Back in module five for example,
we discovered that the rotation of a black hole changes
the location of the innermost stable circular orbit.
For a non-rotating black hole,
the ISCO was three times farther from the center
of the black hole than its Schwarzschild event horizon.
But for a rotating black hole,
the ISCO can shrink until it exactly matches up with the black holes event horizon.
It should be noted that as a black hole spins faster and faster,
it also pulls the event horizon inwards.
Both the ISCO and the event horizon can be as small as
half of a Schwarzschild radius for a maximally rotating black hole.
In fact, now would be a good time for us to
fess up about a little white lie we've been telling you.

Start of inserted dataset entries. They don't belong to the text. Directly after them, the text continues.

(* Let $A$ be a Banach algebra with a central bounded approximate identity. Then every approximately semi-inner derivation from $A$ into a Banach $A$-bimodule is approximately inner. In particular, this holds when $A$ is unital.
   Context: For a Banach algebra $A$ and a Banach $A$-bimodule $X$, a derivation is a linear map $D:A\to X$ with $D(ab)=a\cdot D(b)+D(a)\cdot b$. A continuous derivation $D:A\to X$ is approximately semi-inner if there are nets $(\xi_i),(\eta_i)$ in $X$ (over the same directed set) with $D(a)=\lim_i(a\cdot\xi_i-\eta_i\cdot a)$ in norm for every $a\in A$; it is approximately inner if there is a net $(\xi_i)$ in $X$ with $D(a)=\lim_i(a\cdot\xi_i-\xi_i\cdot a)$ in norm for every $a\in A$. A central bounded approximate identity is a bounded net $(e_\alpha)$ of elements of the centre of $A$ with $e_\alpha a\to a$ for all $a\in A$. *)

theory Defs
  imports "HOL-Analysis.Analysis"
begin

definition banach_bimodule ::
  "('a::{real_normed_algebra,banach} \<Rightarrow> 'x::banach \<Rightarrow> 'x) \<Rightarrow> ('x \<Rightarrow> 'a \<Rightarrow> 'x) \<Rightarrow> bool" where
  "banach_bimodule lm rm \<longleftrightarrow>
     bounded_bilinear lm \<and> bounded_bilinear rm \<and>
     (\<forall>a b x. lm a (lm b x) = lm (a * b) x) \<and>
     (\<forall>x a b. rm (rm x a) b = rm x (a * b)) \<and>
     (\<forall>a x b. rm (lm a x) b = lm a (rm x b))"

definition derivation ::
  "('a::{real_normed_algebra,banach} \<Rightarrow> 'x::banach \<Rightarrow> 'x) \<Rightarrow> ('x \<Rightarrow> 'a \<Rightarrow> 'x) \<Rightarrow> ('a \<Rightarrow> 'x) \<Rightarrow> bool" where
  "derivation lm rm D \<longleftrightarrow> linear D \<and> (\<forall>a b. D (a * b) = lm a (D b) + rm (D a) b)"

text \<open>Nets are represented by proper filters (F \<noteq> bot) on the space of values:
a net (x_i) over a directed set corresponds to its image filter, and conversely
every proper filter is the tail filter of a net.\<close>

definition approx_semi_inner ::
  "('a::{real_normed_algebra,banach} \<Rightarrow> 'x::banach \<Rightarrow> 'x) \<Rightarrow> ('x \<Rightarrow> 'a \<Rightarrow> 'x) \<Rightarrow> ('a \<Rightarrow> 'x) \<Rightarrow> bool" where
  "approx_semi_inner lm rm D \<longleftrightarrow>
     bounded_linear D \<and>
     (\<exists>F :: ('x \<times> 'x) filter. F \<noteq> bot \<and>
        (\<forall>a. ((\<lambda>(\<xi>, \<eta>). lm a \<xi> - rm \<eta> a) \<longlongrightarrow> D a) F))"

definition approx_inner ::
  "('a::{real_normed_algebra,banach} \<Rightarrow> 'x::banach \<Rightarrow> 'x) \<Rightarrow> ('x \<Rightarrow> 'a \<Rightarrow> 'x) \<Rightarrow> ('a \<Rightarrow> 'x) \<Rightarrow> bool" where
  "approx_inner lm rm D \<longleftrightarrow>
     bounded_linear D \<and>
     (\<exists>F :: 'x filter. F \<noteq> bot \<and>
        (\<forall>a. ((\<lambda>\<xi>. lm a \<xi> - rm \<xi> a) \<longlongrightarrow> D a) F))"

definition has_central_bai :: "'a::{real_normed_algebra,banach} itself \<Rightarrow> bool" where
  "has_central_bai (_::'a itself) \<longleftrightarrow>
     (\<exists>(F :: 'a filter) K. F \<noteq> bot \<and>
        eventually (\<lambda>e. (\<forall>b. e * b = b * e) \<and> norm e \<le> K) F \<and>
        (\<forall>a. ((\<lambda>e. e * a) \<longlongrightarrow> a) F))"

end

(*
  Let the pairs (\<xi>, \<eta>) implement D approximately semi-innerly and let e be central.
  Multiplying by e on the proper side turns semi-inner into inner:
  a (e \<xi>) - (e \<xi>) a \<rightarrow> e D(a)  and  a (\<eta> e) - (\<eta> e) a \<rightarrow> D(a) e,
  so \<zeta> = e \<xi> + \<eta> e - e \<xi> e  gives  a \<zeta> - \<zeta> a \<rightarrow> D(a) - (1 - e) D(a) (1 - e).
  By the derivation rule, (1 - e) D(a) (1 - e) = D(a - e a) (1 - e) + D(e) (a - a e),
  which tends to 0 along a bounded central approximate identity.
  A diagonal choice over e and the net (\<xi>, \<eta>) gives the net for approximate innerness;
  a unit is a one-point central approximate identity.
*)
theory Submission
  imports Defs
begin

lemma ex_proper_filter_tendsto_if_finite_approx:
  fixes f :: "'a \<Rightarrow> 'z \<Rightarrow> 'b::metric_space"
  assumes approx: "\<And>S \<epsilon>. finite S \<Longrightarrow> \<epsilon> > 0 \<Longrightarrow> \<exists>\<zeta>. \<forall>a\<in>S. dist (f a \<zeta>) (g a) < \<epsilon>"
  shows "\<exists>G. G \<noteq> bot \<and> (\<forall>a. (f a \<longlongrightarrow> g a) G)"
proof (intro exI conjI allI)
  define B where "B = {(S :: 'a set, \<epsilon> :: real). finite S \<and> \<epsilon> > 0}"
  define P where "P = (\<lambda>(S, \<epsilon>). principal {\<zeta>. \<forall>a\<in>S. dist (f a \<zeta>) (g a) < \<epsilon>})"
  have directed: "\<exists>c\<in>B. P c \<le> inf (P b) (P b')" if "b \<in> B" "b' \<in> B" for b b'
  proof
    show "(fst b \<union> fst b', min (snd b) (snd b')) \<in> B"
      using that by (auto simp: B_def)
    show "P (fst b \<union> fst b', min (snd b) (snd b')) \<le> inf (P b) (P b')"
      by (auto simp: P_def inf_principal split: prod.splits)
  qed
  have "B \<noteq> {}"
    by (auto simp: B_def intro: exI[of _ "{}"] exI[of _ 1])
  then have eventually_G: "eventually Q (INF b\<in>B. P b) \<longleftrightarrow> (\<exists>b\<in>B. eventually Q (P b))" for Q
    using directed by (rule eventually_INF_base)
  show "(INF b\<in>B. P b) \<noteq> bot"
  proof
    assume "(INF b\<in>B. P b) = bot"
    then obtain S \<epsilon> where "finite S" "\<epsilon> > 0" "eventually (\<lambda>_. False) (P (S, \<epsilon>))"
      using eventually_G[of "\<lambda>_. False"] by (auto simp: B_def)
    then show False
      using approx by (auto simp: P_def eventually_principal)
  qed
  fix a
  show "(f a \<longlongrightarrow> g a) (INF b\<in>B. P b)"
  proof (rule tendstoI)
    fix \<epsilon> :: real
    assume "\<epsilon> > 0"
    then have "({a}, \<epsilon>) \<in> B"
      by (simp add: B_def)
    then show "eventually (\<lambda>\<zeta>. dist (f a \<zeta>) (g a) < \<epsilon>) (INF b\<in>B. P b)"
      unfolding eventually_G by (rule bexI[rotated]) (simp add: P_def eventually_principal)
  qed
qed

lemma ex_proper_filter_tendsto_diagonal:
  fixes f :: "'a \<Rightarrow> 'z \<Rightarrow> 'b::metric_space"
  assumes "E \<noteq> bot" "F \<noteq> bot"
    and inner: "eventually (\<lambda>e. \<forall>a. ((\<lambda>p. f a (Z e p)) \<longlongrightarrow> h e a) F) E"
    and outer: "\<And>a. ((\<lambda>e. h e a) \<longlongrightarrow> g a) E"
  shows "\<exists>G. G \<noteq> bot \<and> (\<forall>a. (f a \<longlongrightarrow> g a) G)"
proof (rule ex_proper_filter_tendsto_if_finite_approx)
  fix S :: "'a set" and \<epsilon> :: real
  assume "finite S" "\<epsilon> > 0"
  have "\<forall>a\<in>S. eventually (\<lambda>e. dist (h e a) (g a) < \<epsilon>/2) E"
    using \<open>\<epsilon> > 0\<close> by (intro ballI tendstoD outer) simp
  then have "eventually (\<lambda>e. \<forall>a\<in>S. dist (h e a) (g a) < \<epsilon>/2) E"
    by (rule eventually_ball_finite[OF \<open>finite S\<close>])
  with inner obtain e where
    e_inner: "\<forall>a. ((\<lambda>p. f a (Z e p)) \<longlongrightarrow> h e a) F" and
    e_outer: "\<forall>a\<in>S. dist (h e a) (g a) < \<epsilon>/2"
    using eventually_happens'[OF \<open>E \<noteq> bot\<close> eventually_conj] by blast
  have "\<forall>a\<in>S. eventually (\<lambda>p. dist (f a (Z e p)) (h e a) < \<epsilon>/2) F"
    using e_inner \<open>\<epsilon> > 0\<close> by (intro ballI tendstoD) simp_all
  then have "eventually (\<lambda>p. \<forall>a\<in>S. dist (f a (Z e p)) (h e a) < \<epsilon>/2) F"
    by (rule eventually_ball_finite[OF \<open>finite S\<close>])
  then obtain p where "\<forall>a\<in>S. dist (f a (Z e p)) (h e a) < \<epsilon>/2"
    using eventually_happens'[OF \<open>F \<noteq> bot\<close>] by blast
  with e_outer have "\<forall>a\<in>S. dist (f a (Z e p)) (g a) < \<epsilon>"
    using dist_triangle_half_l[of _ _ \<epsilon>] by (metis dist_commute)
  then show "\<exists>\<zeta>. \<forall>a\<in>S. dist (f a \<zeta>) (g a) < \<epsilon>" ..
qed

Any realistic black hole will have angular momentum and will therefore be spinning.
We know that black holes must be spinning because
in-falling particles carry angular momentum,
and we have a pesky law of conservation of angular momentum,
which tells us that particles will contribute angular momentum to the black hole.
While it's convenient for scientists to learn about
the properties of black holes from non-rotating solutions,
the reality is that the perfect Schwarzschild black hole is unlikely to exist.
We should also note something very strange about black hole rotation.
There is a limit to how quickly they can spin.
We'll talk a little bit more about the mathematics behind this concept shortly,
but the basic idea is that the rotation of a black hole drags spacetime along with it.
Similar to the way that water spirals down a drain,
spacetime rotates around a rotating black hole.
This is a process called frame-dragging.
The rotation of a black hole depends on its original spin and
the cumulative effects brought about by all of the material that has fallen into it.
A problem arises when we begin to talk about angular momentum.
Previously, we had taken an object's mass and multiplied
it by the distance from the point of rotation to calculate its moment of inertia.
Do you see the problem here?
If all the mass of a black hole is trapped
within a zero volume singularity at its center,
how is it possible for a black hole to have a moment of inertia?
Well, in 1963, a scientist named Roy Kerr developed a solution to
Einstein's field equations which
precisely described the properties of a rotating black hole.
In the original research,
Kerr described how he characterized the angular momentum of a black hole,
but mentions how the moment of inertia cannot be
characterized except to say that they are very small.
The rotation of black holes is usually characterized by
a number between zero and one called a,
which is calculated by the equation,
a equals J times c divided by M squared G. J is the angular momentum of the black hole,
M is its mass,
and G is Newton's gravitational constant.
If you haven't figured it out already,
lowercase c is always used to describe the speed of light.
If a black hole is not rotating at all,
unlikely I know, a takes on the value of zero.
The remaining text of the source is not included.